Hatay'ın Reyhanlı ilçesinde, 53 kişinin hayatını kaybettiği 2 bombalı saldırıyla ilgili 33 sanığın yargılandığı davada, cumhuriyet savcısı 9 sanığın 53'er kez ağırlaştırılmış müebbet hapsini istedi Savcı, 11 sanığın 'örgüte üye olmamakla birlikte örgüt adına suç işlemek' ve 'suçluyu kayırmak' suçlarından 20'şer yıla, 2 sanığın 'örgüte bilerek ve isteyerek yardım etmek' suçundan 15'er yıla kadar mahkumiyetleri ile firari 8 kişinin dosyasının ayrılması ve 3 sanığın beraatini talep etti.

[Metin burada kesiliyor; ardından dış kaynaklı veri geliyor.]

(* Let $[\mu]\in\mathbb PV_n$ be a critical point of $F_n$ with $\mathrm M_\mu=c_\mu I+D_\mu$, $c_\mu\in\mathbb R$, $D_\mu\in\mathrm{Der}(\mu)$. Then $\operatorname{tr}D_\mu=0$ if and only if $D_\mu=0$.
   Context: $V_n$ is the space of bilinear maps $\mu:\mathbb C^n\times\mathbb C^n\to\mathbb C^n$ with the standard Hermitian structures. $L^\mu_XY=\mu(X,Y)$, $R^\mu_XY=\mu(Y,X)$, and for an orthonormal basis $\{X_i\}$, $\mathrm M_\mu=2\sum_i L^\mu_{X_i}(L^\mu_{X_i})^*-2\sum_i (L^\mu_{X_i})^*L^\mu_{X_i}-2\sum_i (R^\mu_{X_i})^*R^\mu_{X_i}$ (a Hermitian matrix). $F_n([\mu])=\operatorname{tr}\mathrm M_\mu^2/\|\mu\|^4$; $[\mu]$ is a critical point of $F_n$ iff $\mathrm M_\mu=c_\mu I+D_\mu$ with $c_\mu\in\mathbb R$ and $D_\mu$ a derivation of $\mu$. *)

theory Defs
  imports "HOL-Analysis.Analysis"
begin

text \<open>A bilinear map mu : C^n x C^n -> C^n is encoded by its values on the
standard (orthonormal) basis: (mu $ i $ j) = mu(e_i, e_j) in C^n.
Every element of V_n arises uniquely this way.\<close>

type_synonym 'n alg = "complex^'n^'n^'n"

definition mu_apply :: "'n::finite alg \<Rightarrow> complex^'n \<Rightarrow> complex^'n \<Rightarrow> complex^'n" where
  "mu_apply mu x y = (\<Sum>i\<in>UNIV. \<Sum>j\<in>UNIV. (x $ i * y $ j) *s (mu $ i $ j))"

definition adj :: "complex^'n^'m \<Rightarrow> complex^'m^'n" where
  "adj A = (\<chi> i j. cnj (A $ j $ i))"

text \<open>Matrix of L^mu_{e_i} : Y |-> mu(e_i, Y) and of R^mu_{e_i} : Y |-> mu(Y, e_i).\<close>
definition Lmat :: "'n::finite alg \<Rightarrow> 'n \<Rightarrow> complex^'n^'n" where
  "Lmat mu i = (\<chi> k j. mu $ i $ j $ k)"

definition Rmat :: "'n::finite alg \<Rightarrow> 'n \<Rightarrow> complex^'n^'n" where
  "Rmat mu i = (\<chi> k j. mu $ j $ i $ k)"

definition Mmat :: "'n::finite alg \<Rightarrow> complex^'n^'n" where
  "Mmat mu =
     2 *\<^sub>R (\<Sum>i\<in>UNIV. Lmat mu i ** adj (Lmat mu i))
   - 2 *\<^sub>R (\<Sum>i\<in>UNIV. adj (Lmat mu i) ** Lmat mu i)
   - 2 *\<^sub>R (\<Sum>i\<in>UNIV. adj (Rmat mu i) ** Rmat mu i)"

definition is_derivation :: "'n::finite alg \<Rightarrow> complex^'n^'n \<Rightarrow> bool" where
  "is_derivation mu D \<longleftrightarrow>
     (\<forall>x y. D *v mu_apply mu x y = mu_apply mu (D *v x) y + mu_apply mu x (D *v y))"

end

theory Submission
  imports Defs
begin

text \<open>Write L_i, R_i for left and right multiplication by the basis vector e_i. A derivation D
satisfies [D, L_i] = sum_s D_si L_s; consequently both sum_i (tr (L_i L_i^* D) - tr (L_i^* L_i D))
and sum_i tr (R_i^* R_i D) equal sum_(i,s) D_si tr (L_i^* L_s), so tr (M_mu D) = 0 for every
derivation. If M_mu = c I + D, then D is Hermitian because M_mu is, hence
0 = tr (M_mu D) = c tr D + tr (D D^*), and tr D = 0 forces the Frobenius norm tr (D D^*) of D
to vanish.\<close>

lemma mu_apply_component:
  "mu_apply mu x y $ k = (\<Sum>i\<in>UNIV. \<Sum>j\<in>UNIV. x $ i * y $ j * mu $ i $ j $ k)"
  by (simp add: mu_apply_def)

lemma mu_apply_axis_left:
  "mu_apply mu (axis i 1) y $ k = (\<Sum>j\<in>UNIV. y $ j * mu $ i $ j $ k)"
  by (simp add: mu_apply_component mult.assoc sum_distrib_left[symmetric] axis_def
      of_bool_def[symmetric])

lemma mu_apply_axis_right:
  "mu_apply mu x (axis j 1) $ k = (\<Sum>i\<in>UNIV. x $ i * mu $ i $ j $ k)"
  by (simp add: mu_apply_component axis_def of_bool_def[symmetric]
      mult.commute[of _ "of_bool _"] mult.assoc)

lemma matrix_vector_mult_axis: "A *v axis j (1::'a::semiring_1) = (\<chi> i. A $ i $ j)"
  by (simp add: vec_eq_iff matrix_vector_mult_def axis_def of_bool_def[symmetric])

lemma mu_apply_axis: "mu_apply mu (axis i 1) (axis j 1) = mu $ i $ j"
  unfolding vec_eq_iff mu_apply_axis_left
  by (simp add: axis_def of_bool_def[symmetric] mult.commute[of "of_bool _"])

lemma derivation_component:
  assumes "is_derivation mu D"
  shows "(\<Sum>l\<in>UNIV. D $ k $ l * mu $ i $ j $ l)
       = (\<Sum>s\<in>UNIV. D $ s $ i * mu $ s $ j $ k) + (\<Sum>t\<in>UNIV. D $ t $ j * mu $ i $ t $ k)"
proof -
  have "D *v mu_apply mu (axis i 1) (axis j 1)
      = mu_apply mu (D *v axis i 1) (axis j 1) + mu_apply mu (axis i 1) (D *v axis j 1)"
    using assms unfolding is_derivation_def by blast
  then have "(D *v mu_apply mu (axis i 1) (axis j 1)) $ k
      = mu_apply mu (D *v axis i 1) (axis j 1) $ k + mu_apply mu (axis i 1) (D *v axis j 1) $ k"
    by simp
  then show ?thesis
    unfolding matrix_vector_mult_axis mu_apply_axis
    by (simp add: matrix_vector_mult_def mu_apply_axis_left mu_apply_axis_right)
qed

lemma derivation_commutator_Lmat_component:
  assumes "is_derivation mu D"
  shows "(D ** Lmat mu i - Lmat mu i ** D) $ k $ j = (\<Sum>s\<in>UNIV. D $ s $ i * Lmat mu s $ k $ j)"
  using derivation_component[OF assms, of k i j]
  by (simp add: Lmat_def matrix_matrix_mult_def mult.commute)

lemma trace_mult_component: "trace (A ** B) = (\<Sum>p\<in>UNIV. \<Sum>q\<in>UNIV. A $ p $ q * B $ q $ p)"
  by (simp add: trace_def matrix_matrix_mult_def)

lemma trace_mult_add_left:
  fixes A B :: "'a::comm_semiring_1^'n^'m" and C :: "'a^'m^'n"
  shows "trace ((A + B) ** C) = trace (A ** C) + trace (B ** C)"
  by (simp add: trace_mult_component distrib_right sum.distrib)

lemma trace_mult_diff_left:
  fixes A B :: "'a::comm_ring_1^'n^'m" and C :: "'a^'m^'n"
  shows "trace ((A - B) ** C) = trace (A ** C) - trace (B ** C)"
  by (simp add: trace_mult_component left_diff_distrib sum_subtractf)

lemma trace_mult_scaleR_left:
  fixes A :: "'a::{real_algebra_1,comm_ring_1}^'n^'m"
  shows "trace ((r *\<^sub>R A) ** B) = r *\<^sub>R trace (A ** B)"
  by (simp add: trace_mult_component scaleR_sum_right)

lemma trace_mult_sum_left:
  "trace ((\<Sum>i\<in>I. f i) ** B) = (\<Sum>i\<in>I. trace (f i ** B))"
proof -
  have "trace ((\<Sum>i\<in>I. f i) ** B) = (\<Sum>p\<in>UNIV. \<Sum>q\<in>UNIV. \<Sum>i\<in>I. f i $ p $ q * B $ q $ p)"
    by (simp add: trace_mult_component sum_component sum_distrib_right)
  also have "\<dots> = (\<Sum>p\<in>UNIV. \<Sum>i\<in>I. \<Sum>q\<in>UNIV. f i $ p $ q * B $ q $ p)"
    by (intro sum.cong refl sum.swap)
  also have "\<dots> = (\<Sum>i\<in>I. trace (f i ** B))"
    unfolding trace_mult_component by (rule sum.swap)
  finally show ?thesis .
qed

lemma matrix_diff_ldistrib:
  fixes A :: "'a::comm_ring_1^'n^'m"
  shows "A ** (B - C) = A ** B - A ** C"
  by (simp add: matrix_matrix_mult_def vec_eq_iff right_diff_distrib sum_subtractf)

lemma trace_mult_derivation_commutator_Lmat:
  assumes "is_derivation mu D"
  shows "trace (A ** (D ** Lmat mu i - Lmat mu i ** D))
       = (\<Sum>s\<in>UNIV. D $ s $ i * trace (A ** Lmat mu s))"
proof -
  have "trace (A ** (D ** Lmat mu i - Lmat mu i ** D))
      = (\<Sum>p\<in>UNIV. \<Sum>q\<in>UNIV. \<Sum>s\<in>UNIV. D $ s $ i * (A $ p $ q * Lmat mu s $ q $ p))"
    unfolding trace_mult_component derivation_commutator_Lmat_component[OF assms]
    by (simp add: sum_distrib_left mult_ac)
  also have "\<dots> = (\<Sum>p\<in>UNIV. \<Sum>s\<in>UNIV. \<Sum>q\<in>UNIV. D $ s $ i * (A $ p $ q * Lmat mu s $ q $ p))"
    by (intro sum.cong refl sum.swap)
  also have "\<dots> = (\<Sum>s\<in>UNIV. D $ s $ i * trace (A ** Lmat mu s))"
    by (subst sum.swap) (simp add: trace_mult_component sum_distrib_left)
  finally show ?thesis .
qed

lemma trace_Lmat_adj_Lmat_mult_derivation:
  assumes "is_derivation mu D"
  shows "trace (Lmat mu i ** adj (Lmat mu i) ** D) - trace (adj (Lmat mu i) ** Lmat mu i ** D)
       = (\<Sum>s\<in>UNIV. D $ s $ i * trace (adj (Lmat mu i) ** Lmat mu s))"
proof -
  have "trace (Lmat mu i ** adj (Lmat mu i) ** D) = trace (adj (Lmat mu i) ** D ** Lmat mu i)"
    by (metis matrix_mul_assoc trace_mul_sym)
  then show ?thesis
    by (simp add: matrix_mul_assoc[symmetric] matrix_diff_ldistrib trace_sub
        trace_mult_derivation_commutator_Lmat[OF assms, symmetric])
qed

lemma sum_adj_Rmat_mult_Rmat_component:
  "(\<Sum>i\<in>UNIV. adj (Rmat mu i) ** Rmat mu i) $ p $ q = trace (adj (Lmat mu p) ** Lmat mu q)"
  by (simp add: sum_component matrix_matrix_mult_def trace_def adj_def Lmat_def Rmat_def)

lemma trace_Mmat_mult_derivation:
  assumes "is_derivation mu D"
  shows "trace (Mmat mu ** D) = 0"
proof -
  let ?L = "Lmat mu" and ?R = "Rmat mu"
  have "trace (Mmat mu ** D)
      = 2 *\<^sub>R (\<Sum>i\<in>UNIV. trace (?L i ** adj (?L i) ** D) - trace (adj (?L i) ** ?L i ** D))
        - 2 *\<^sub>R trace ((\<Sum>i\<in>UNIV. adj (?R i) ** ?R i) ** D)"
    by (simp only: Mmat_def trace_mult_diff_left trace_mult_scaleR_left trace_mult_sum_left
        sum_subtractf scaleR_right_diff_distrib)
  also have "\<dots> = 2 *\<^sub>R (\<Sum>i\<in>UNIV. \<Sum>s\<in>UNIV. D $ s $ i * trace (adj (?L i) ** ?L s))
        - 2 *\<^sub>R (\<Sum>p\<in>UNIV. \<Sum>q\<in>UNIV. trace (adj (?L p) ** ?L q) * D $ q $ p)"
    unfolding trace_Lmat_adj_Lmat_mult_derivation[OF assms]
    by (simp only: trace_mult_component[where B = D] sum_adj_Rmat_mult_Rmat_component)
  finally show ?thesis
    by (simp add: mult.commute)
qed

lemma adj_Mmat: "adj (Mmat mu) = Mmat mu"
  by (simp add: vec_eq_iff adj_def Mmat_def matrix_matrix_mult_def Lmat_def Rmat_def
      scaleR_conv_of_real sum_subtractf mult.commute)

lemma trace_mult_adj_eq_0_iff:
  fixes A :: "complex^'n^'m"
  shows "trace (A ** adj A) = 0 \<longleftrightarrow> A = 0"
proof
  assume "trace (A ** adj A) = 0"
  then have "complex_of_real (\<Sum>p\<in>UNIV. \<Sum>q\<in>UNIV. (norm (A $ p $ q))\<^sup>2) = 0"
    by (simp add: trace_mult_component adj_def complex_norm_square del: of_real_power)
  then have "(\<Sum>p\<in>UNIV. \<Sum>q\<in>UNIV. (norm (A $ p $ q))\<^sup>2) = 0"
    by (simp only: of_real_eq_0_iff)
  then show "A = 0"
    by (simp add: sum_nonneg_eq_0_iff sum_nonneg vec_eq_iff)
qed (simp add: trace_def)

theorem mainTheorem6:
  fixes mu :: "'n::finite alg" and c :: real and D :: "complex^'n^'n"
  assumes "mu \<noteq> 0"
    and M: "Mmat mu = c *\<^sub>R mat 1 + D"
    and der: "is_derivation mu D"
  shows "trace D = 0 \<longleftrightarrow> D = 0"
proof
  \<comment> \<open>The hypothesis \<open>mu \<noteq> 0\<close> only makes \<open>[mu]\<close> a projective point; the argument does not need it.\<close>
  assume "trace D = 0"
  have D: "D = Mmat mu - c *\<^sub>R mat 1"
    using M by simp
  have "adj D = D"
    using adj_Mmat[of mu] unfolding D by (simp add: vec_eq_iff adj_def mat_def)
  have "trace (D ** adj D) = trace (Mmat mu ** D) - c *\<^sub>R trace D"
    by (simp add: M \<open>adj D = D\<close> trace_mult_add_left trace_mult_scaleR_left)
  also have "\<dots> = 0"
    by (simp add: trace_Mmat_mult_derivation[OF der] \<open>trace D = 0\<close>)
  finally show "D = 0"
    by (simp only: trace_mult_adj_eq_0_iff)
qed (simp add: trace_def)

end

Hatay'ın Reyhanlı ilçesinde 11 Mayıs 2013'te 53 kişinin yaşamını yitirdiği bombalı saldırılarla ilgili 33 kişinin yargılandığı davada, cumhuriyet savcısı 9 sanığın 53'er kez ağırlaştırılmış müebbet hapsini isterken, 11 sanığın 'örgüte üye olmamakla birlikte örgüt adına suç işlemek' ve 'suçluyu kayırmak' suçlarından 20'şer yıla, 2 sanığın 'örgüte bilerek ve isteyerek yardım etmek' suçundan 15'er yıla kadar mahkumiyetleri talebinde bulundu.

Ankara 9. Ağır Ceza Mahkemesindeki duruşmaya, tutuksuz sanıklardan Muhammet Gümüş ve İlhan Küçükdüveyki ile bazı müdahiller ve tarafların avukatları katıldı.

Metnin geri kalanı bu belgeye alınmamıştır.